We should not be surprised that we get complaints from new users. English.SE does a poor job of warning the first-timer up front what the expectations are for question quality. Indeed, the site sets a trap for the first-timer! The first-timer, lacking adequate guidance, is more or less guaranteed to ask a question which attracts a lot of criticism. And next thing you know, there’s another complaint in meta.
People generally want to do the right thing. When people are not doing the right thing or not doing it in the right way, that is usually the fault of management, as W. Edwards Deming would say. Management should engineer the system so that it is easy to do the right thing and hard to do it wrong. In other words, an ounce of prevention is still worth a pound of cure.
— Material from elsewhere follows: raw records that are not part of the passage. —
(* Let $n \ge 1$ and let $a_1, \dots, a_n$ be positive real numbers with $\sum_{i=1}^n a_i = 1$. Consider vectors $u_{(i,t)}$ indexed by $(i,t) \in [n] \times [3]$ subject to the following constraints: (1) $u_{(i,t)} \cdot u_{(i,t)} = 1$ for all $(i,t)$; (2) $u_{(i,1)} \cdot u_{(i,2)} = 0$ for all $i \in [n]$; (3) $u_{(i,3)} \cdot u_{(i,1)} = u_{(i,3)} \cdot u_{(i,2)} = \frac{1}{\sqrt{2}}$ for all $i \in [n]$; (4) $u_{(i,1)} \cdot u_{(i+1,1)} = u_{(i,2)} \cdot u_{(i+1,2)} = u_{(i,3)} \cdot u_{(i+1,3)} = \cos a_i$ for all $i \in [n]$, where the index $i+1$ is taken modulo $n$ (so $n+1$ means $1$). Then there exists a set $I \subseteq [n]$ with $\sum_{i \in I} a_i = \sum_{i \notin I} a_i$ if and only if there exists a family of vectors in $\mathbb{R}^2$ satisfying these constraints. *)

theory Defs
  imports "HOL-Analysis.Analysis"
begin

text \<open>Indices are 0-based: i ranges over {0..<n} (paper's [n]), t over {1,2,3}
  (paper's [3]); the successor of i is (i+1) mod n.\<close>

definition cyc_constraints ::
  "nat \<Rightarrow> (nat \<Rightarrow> real) \<Rightarrow> (nat \<Rightarrow> nat \<Rightarrow> 'v::real_inner) \<Rightarrow> bool" where
  "cyc_constraints n a u \<longleftrightarrow>
     (\<forall>i<n. \<forall>t\<in>{1,2,3::nat}. u i t \<bullet> u i t = 1) \<and>
     (\<forall>i<n. u i 1 \<bullet> u i 2 = 0) \<and>
     (\<forall>i<n. u i 3 \<bullet> u i 1 = 1 / sqrt 2 \<and> u i 3 \<bullet> u i 2 = 1 / sqrt 2) \<and>
     (\<forall>i<n. u i 1 \<bullet> u ((i + 1) mod n) 1 = cos (a i) \<and>
            u i 2 \<bullet> u ((i + 1) mod n) 2 = cos (a i) \<and>
            u i 3 \<bullet> u ((i + 1) mod n) 3 = cos (a i))"

end

theory Submission
  imports Defs
begin

text \<open>Write the unit vector \<open>u(i,1)\<close> as \<open>(cos \<theta>(i), sin \<theta>(i))\<close>. The constraint
  \<open>cos (\<theta>(i) - \<theta>(i+1)) = cos a(i)\<close> means \<open>\<theta>(i) - \<theta>(i+1) = \<plusminus>a(i) + 2\<pi>k(i)\<close>. These
  differences telescope to \<open>0\<close> around the cycle, so the signed sum \<open>\<Sum> \<plusminus>a(i)\<close> is a
  multiple of \<open>2\<pi>\<close>; since \<open>\<Sum> a(i) = 1 < 2\<pi>\<close> it vanishes, and the signs give the
  balanced partition. Conversely, the partial sums of a vanishing signed sum are angles
  \<open>\<theta>(i)\<close> that close up around the cycle; \<open>u(i,2)\<close> and \<open>u(i,3)\<close> are \<open>u(i,1)\<close>
  rotated by \<open>\<pi>/2\<close> and \<open>\<pi>/4\<close>.\<close>

lemma sum_signed_split:
  fixes a :: "'b \<Rightarrow> 'a::ring_1"
  assumes "finite A" "I \<subseteq> A" "\<And>i. i \<in> I \<Longrightarrow> e i = 1" "\<And>i. i \<in> A - I \<Longrightarrow> e i = -1"
  shows "(\<Sum>i\<in>A. e i * a i) = (\<Sum>i\<in>I. a i) - (\<Sum>i\<in>A - I. a i)"
proof -
  have "(\<Sum>i\<in>A. e i * a i) = (\<Sum>i\<in>I. e i * a i) + (\<Sum>i\<in>A - I. e i * a i)"
    using sum.subset_diff[OF assms(2,1)] by (simp add: add.commute)
  also have "\<dots> = (\<Sum>i\<in>I. a i) + (\<Sum>i\<in>A - I. - a i)"
    using assms(3,4) by (intro arg_cong2[where f = "(+)"] sum.cong) auto
  finally show ?thesis by (simp add: sum_negf)
qed

lemma balanced_partition_iff_signed_sum:
  fixes a :: "nat \<Rightarrow> 'a::ring_1"
  shows "(\<exists>I \<subseteq> {..<n}. (\<Sum>i\<in>I. a i) = (\<Sum>i\<in>{..<n} - I. a i)) \<longleftrightarrow>
         (\<exists>e. (\<forall>i<n. e i = 1 \<or> e i = -1) \<and> (\<Sum>i<n. e i * a i) = 0)"
proof
  assume "\<exists>I \<subseteq> {..<n}. (\<Sum>i\<in>I. a i) = (\<Sum>i\<in>{..<n} - I. a i)"
  then obtain I where I: "I \<subseteq> {..<n}" "(\<Sum>i\<in>I. a i) = (\<Sum>i\<in>{..<n} - I. a i)" by blast
  define e :: "nat \<Rightarrow> 'a" where "e i = (if i \<in> I then 1 else -1)" for i
  have "(\<Sum>i<n. e i * a i) = 0"
    using sum_signed_split[of "{..<n}" I e a] I by (simp add: e_def)
  moreover have "\<forall>i<n. e i = 1 \<or> e i = -1" by (simp add: e_def)
  ultimately show "\<exists>e. (\<forall>i<n. e i = 1 \<or> e i = -1) \<and> (\<Sum>i<n. e i * a i) = 0"
    by blast
next
  assume "\<exists>e. (\<forall>i<n. e i = 1 \<or> e i = -1) \<and> (\<Sum>i<n. e i * a i) = 0"
  then obtain e where e: "\<forall>i<n. e i = 1 \<or> e i = -1" "(\<Sum>i<n. e i * a i) = 0" by blast
  define I where "I = {i. i < n \<and> e i = 1}"
  have "I \<subseteq> {..<n}" by (auto simp: I_def)
  moreover have "(\<Sum>i\<in>I. a i) - (\<Sum>i\<in>{..<n} - I. a i) = (\<Sum>i<n. e i * a i)"
    by (rule sum_signed_split[symmetric]) (use e(1) in \<open>auto simp: I_def\<close>)
  ultimately show "\<exists>I \<subseteq> {..<n}. (\<Sum>i\<in>I. a i) = (\<Sum>i\<in>{..<n} - I. a i)"
    using e(2) by auto
qed

lemma sum_cyclic_shift:
  fixes f :: "nat \<Rightarrow> 'a::comm_monoid_add"
  assumes "n \<ge> 1"
  shows "(\<Sum>i<n. f ((i + 1) mod n)) = (\<Sum>i<n. f i)"
proof -
  obtain m where n: "n = Suc m" using assms by (cases n) auto
  have "(\<Sum>i<Suc m. f ((i + 1) mod Suc m)) = (\<Sum>i<m. f ((i + 1) mod Suc m)) + f 0"
    by simp
  also have "(\<Sum>i<m. f ((i + 1) mod Suc m)) = (\<Sum>i<m. f (Suc i))"
    by (rule sum.cong) auto
  also have "(\<Sum>i<m. f (Suc i)) + f 0 = (\<Sum>i<Suc m. f i)"
    by (subst sum.lessThan_Suc_shift) (simp add: add.commute)
  finally show ?thesis using n by simp
qed

lemma cyclic_angles_of_zero_sum:
  fixes d :: "nat \<Rightarrow> 'a::ab_group_add"
  assumes "(\<Sum>i<n. d i) = 0"
  shows "\<exists>\<theta>. \<forall>i<n. \<theta> ((i + 1) mod n) - \<theta> i = d i"
proof -
  define \<theta> where "\<theta> i = (\<Sum>j<i. d j)" for i
  have "\<theta> ((i + 1) mod n) - \<theta> i = d i" if "i < n" for i
  proof (cases "i + 1 < n")
    case False
    with that have "i + 1 = n" by simp
    then show ?thesis using assms by (auto simp: \<theta>_def neg_eq_iff_add_eq_0 add.commute)
  qed (simp add: \<theta>_def)
  then show ?thesis by blast
qed

lemma signed_sum_of_cyclic_angles:
  fixes \<theta> a :: "nat \<Rightarrow> real"
  assumes "n \<ge> 1" and small: "(\<Sum>i<n. \<bar>a i\<bar>) < 2 * pi"
    and cos_diff: "\<And>i. i < n \<Longrightarrow> cos (\<theta> i - \<theta> ((i + 1) mod n)) = cos (a i)"
  shows "\<exists>e. (\<forall>i<n. e i = 1 \<or> e i = -1) \<and> (\<Sum>i<n. e i * a i) = 0"
proof -
  have "\<forall>i<n. \<exists>e k. (e = 1 \<or> e = -1) \<and> k \<in> \<int> \<and> \<theta> i - \<theta> ((i + 1) mod n) = e * a i + 2 * k * pi"
    using cos_diff by (metis cos_eq mult_1 mult_minus1)
  then obtain e k where e: "\<forall>i<n. e i = 1 \<or> e i = -1" and k: "\<forall>i<n. k i \<in> \<int>"
    and diff: "\<forall>i<n. \<theta> i - \<theta> ((i + 1) mod n) = e i * a i + 2 * k i * pi"
    by metis
  have "0 = (\<Sum>i<n. \<theta> i - \<theta> ((i + 1) mod n))"
    using sum_cyclic_shift[OF \<open>n \<ge> 1\<close>, of \<theta>] by (simp add: sum_subtractf)
  also have "\<dots> = (\<Sum>i<n. e i * a i + 2 * k i * pi)"
    using diff by (intro sum.cong) auto
  also have "\<dots> = (\<Sum>i<n. e i * a i) + 2 * pi * (\<Sum>i<n. k i)"
    by (simp add: sum.distrib sum_distrib_left mult_ac)
  finally have winding: "(\<Sum>i<n. e i * a i) + 2 * pi * (\<Sum>i<n. k i) = 0" ..
  have "\<bar>\<Sum>i<n. e i * a i\<bar> \<le> (\<Sum>i<n. \<bar>e i * a i\<bar>)" by (rule sum_abs)
  also have "\<dots> = (\<Sum>i<n. \<bar>a i\<bar>)"
  proof (rule sum.cong)
    fix i assume "i \<in> {..<n}"
    then show "\<bar>e i * a i\<bar> = \<bar>a i\<bar>" using e by (auto simp: abs_mult)
  qed simp
  finally have "\<bar>2 * pi * (\<Sum>i<n. k i)\<bar> < 2 * pi"
    using winding small by linarith
  then have "\<bar>\<Sum>i<n. k i\<bar> < 1" by (simp add: abs_mult)
  moreover have "(\<Sum>i<n. k i) \<in> \<int>" using k by auto
  ultimately have "(\<Sum>i<n. k i) = 0" by (rule Ints_nonzero_abs_less1[rotated])
  then show ?thesis using winding e by auto
qed

lemma cyclic_angles_iff_signed_sum:
  fixes a :: "nat \<Rightarrow> real"
  assumes "n \<ge> 1" "(\<Sum>i<n. \<bar>a i\<bar>) < 2 * pi"
  shows "(\<exists>\<theta>. \<forall>i<n. cos (\<theta> i - \<theta> ((i + 1) mod n)) = cos (a i)) \<longleftrightarrow>
         (\<exists>e. (\<forall>i<n. e i = 1 \<or> e i = -1) \<and> (\<Sum>i<n. e i * a i) = 0)"
proof
  assume "\<exists>e. (\<forall>i<n. e i = 1 \<or> e i = -1) \<and> (\<Sum>i<n. e i * a i) = 0"
  then obtain e where e: "\<forall>i<n. e i = 1 \<or> e i = -1" "(\<Sum>i<n. e i * a i) = 0" by blast
  obtain \<theta> :: "nat \<Rightarrow> real" where "\<forall>i<n. \<theta> ((i + 1) mod n) - \<theta> i = e i * a i"
    using cyclic_angles_of_zero_sum[OF e(2)] by blast
  then have "\<forall>i<n. cos (\<theta> i - \<theta> ((i + 1) mod n)) = cos (a i)"
    using e(1) by (metis cos_minus minus_diff_eq mult_1 mult_minus1)
  then show "\<exists>\<theta>. \<forall>i<n. cos (\<theta> i - \<theta> ((i + 1) mod n)) = cos (a i)" by blast
qed (use signed_sum_of_cyclic_angles[OF assms] in blast)

definition dir :: "real \<Rightarrow> real^2" where
  "dir x = vector [cos x, sin x]"

lemma inner_real2: "(x::real^2) \<bullet> y = x$1 * y$1 + x$2 * y$2"
  by (simp add: inner_vec_def sum_2)

lemma inner_dir [simp]: "dir x \<bullet> dir y = cos (x - y)"
  by (simp add: dir_def inner_real2 cos_diff)

lemma unit_real2_eq_dir:
  fixes x :: "real^2"
  assumes "x \<bullet> x = 1"
  obtains t where "x = dir t"
proof -
  have "(x$1)\<^sup>2 + (x$2)\<^sup>2 = 1" using assms by (simp add: inner_real2 power2_eq_square)
  then obtain t where "x$1 = cos t" "x$2 = sin t" by (rule sincos_total_2pi)
  then have "x = dir t" by (simp add: dir_def vec_eq_iff forall_2)
  then show thesis by (rule that)
qed

definition frame_offset :: "nat \<Rightarrow> real" where
  "frame_offset t = (if t = 1 then 0 else if t = 2 then pi / 2 else pi / 4)"

lemma cyc_constraints_rotated_frames:
  fixes \<theta> a :: "nat \<Rightarrow> real"
  assumes "\<And>i. i < n \<Longrightarrow> cos (\<theta> i - \<theta> ((i + 1) mod n)) = cos (a i)"
  shows "cyc_constraints n a (\<lambda>i t. dir (\<theta> i + frame_offset t))"
proof -
  have "cos (pi / 4) = 1 / sqrt 2" by (simp add: cos_45 field_simps)
  moreover have "cos (pi / 4 - pi / 2) = cos (pi / 4)"
    using cos_minus[of "pi / 4"] by simp
  ultimately show ?thesis
    using assms by (auto simp: cyc_constraints_def frame_offset_def)
qed

lemma cyclic_angles_of_cyc_constraints:
  fixes u :: "nat \<Rightarrow> nat \<Rightarrow> real^2"
  assumes "n \<ge> 1" "cyc_constraints n a u"
  shows "\<exists>\<theta>. \<forall>i<n. cos (\<theta> i - \<theta> ((i + 1) mod n)) = cos (a i)"
proof -
  have "\<forall>i<n. \<exists>t. u i 1 = dir t"
    using assms(2) unfolding cyc_constraints_def by (metis insertI1 unit_real2_eq_dir)
  then obtain \<theta> where \<theta>: "\<forall>i<n. u i 1 = dir (\<theta> i)" by metis
  have "\<forall>i<n. u i 1 \<bullet> u ((i + 1) mod n) 1 = cos (a i)"
    using assms(2) unfolding cyc_constraints_def by blast
  moreover have "\<forall>i<n. (i + 1) mod n < n" using assms(1) by simp
  ultimately show ?thesis using \<theta> by auto
qed

theorem lemma3p2:
  fixes n :: nat and a :: "nat \<Rightarrow> real"
  assumes "n \<ge> 1"
    and "\<And>i. i < n \<Longrightarrow> a i > 0"
    and "(\<Sum>i<n. a i) = 1"
  shows "(\<exists>I \<subseteq> {..<n}. (\<Sum>i\<in>I. a i) = (\<Sum>i\<in>{..<n} - I. a i)) \<longleftrightarrow>
         (\<exists>u :: nat \<Rightarrow> nat \<Rightarrow> real ^ 2. cyc_constraints n a u)"
proof -
  have "(\<Sum>i<n. \<bar>a i\<bar>) = (\<Sum>i<n. a i)"
    by (rule sum.cong) (auto simp: assms(2) abs_of_pos)
  then have small: "(\<Sum>i<n. \<bar>a i\<bar>) < 2 * pi" using assms(3) pi_gt3 by linarith
  have "(\<exists>I \<subseteq> {..<n}. (\<Sum>i\<in>I. a i) = (\<Sum>i\<in>{..<n} - I. a i)) \<longleftrightarrow>
        (\<exists>e. (\<forall>i<n. e i = 1 \<or> e i = -1) \<and> (\<Sum>i<n. e i * a i) = 0)"
    by (rule balanced_partition_iff_signed_sum)
  also have "\<dots> \<longleftrightarrow> (\<exists>\<theta>. \<forall>i<n. cos (\<theta> i - \<theta> ((i + 1) mod n)) = cos (a i))"
    by (rule cyclic_angles_iff_signed_sum[OF assms(1) small, symmetric])
  also have "\<dots> \<longleftrightarrow> (\<exists>u :: nat \<Rightarrow> nat \<Rightarrow> real ^ 2. cyc_constraints n a u)"
    using cyclic_angles_of_cyc_constraints[OF assms(1)] cyc_constraints_rotated_frames by blast
  finally show ?thesis .
qed

end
Defining question quality is not where the problem lies. Question quality has been well defined, especially as it applies to simple, basic questions:
Questions should be “interesting, unique, and thought-provoking”.
—Shog9, StackExchange staff
OP must put “effort and research into the question”.
—Robert Cartaino, StackExchange staff
OP can “ask simple questions as long as they are thoughtful, intriguing questions posed as you would ask them of an expert. Overly simple questions without research or forethought should be closed. … There’s no lowering of the bar for a so-called learners’ status”.
—Robert Cartaino, StackExchange staff
“[A]ll questions are ultimately in service of the people answering them. That is the audience you need to satisfy if you want to have any hope of creating and sustaining a community of peers learning from each other. … There’s nothing useful any expert can learn from ultra-basic questions. Allow your Q&A community to fill itself with enough ‘General Reference’ type questions and you’ll soon find no experts there at all.”
—Jeff Atwood, StackExchange co-founder
But when you click New Question
, you get only five words of guidance on question quality:
Provide details. Share your research.
This is where the problem lies. The guidance for first-timers is not only inadequate – it’s also buried in a right sidebar, which guarantees that many first-timers will overlook it.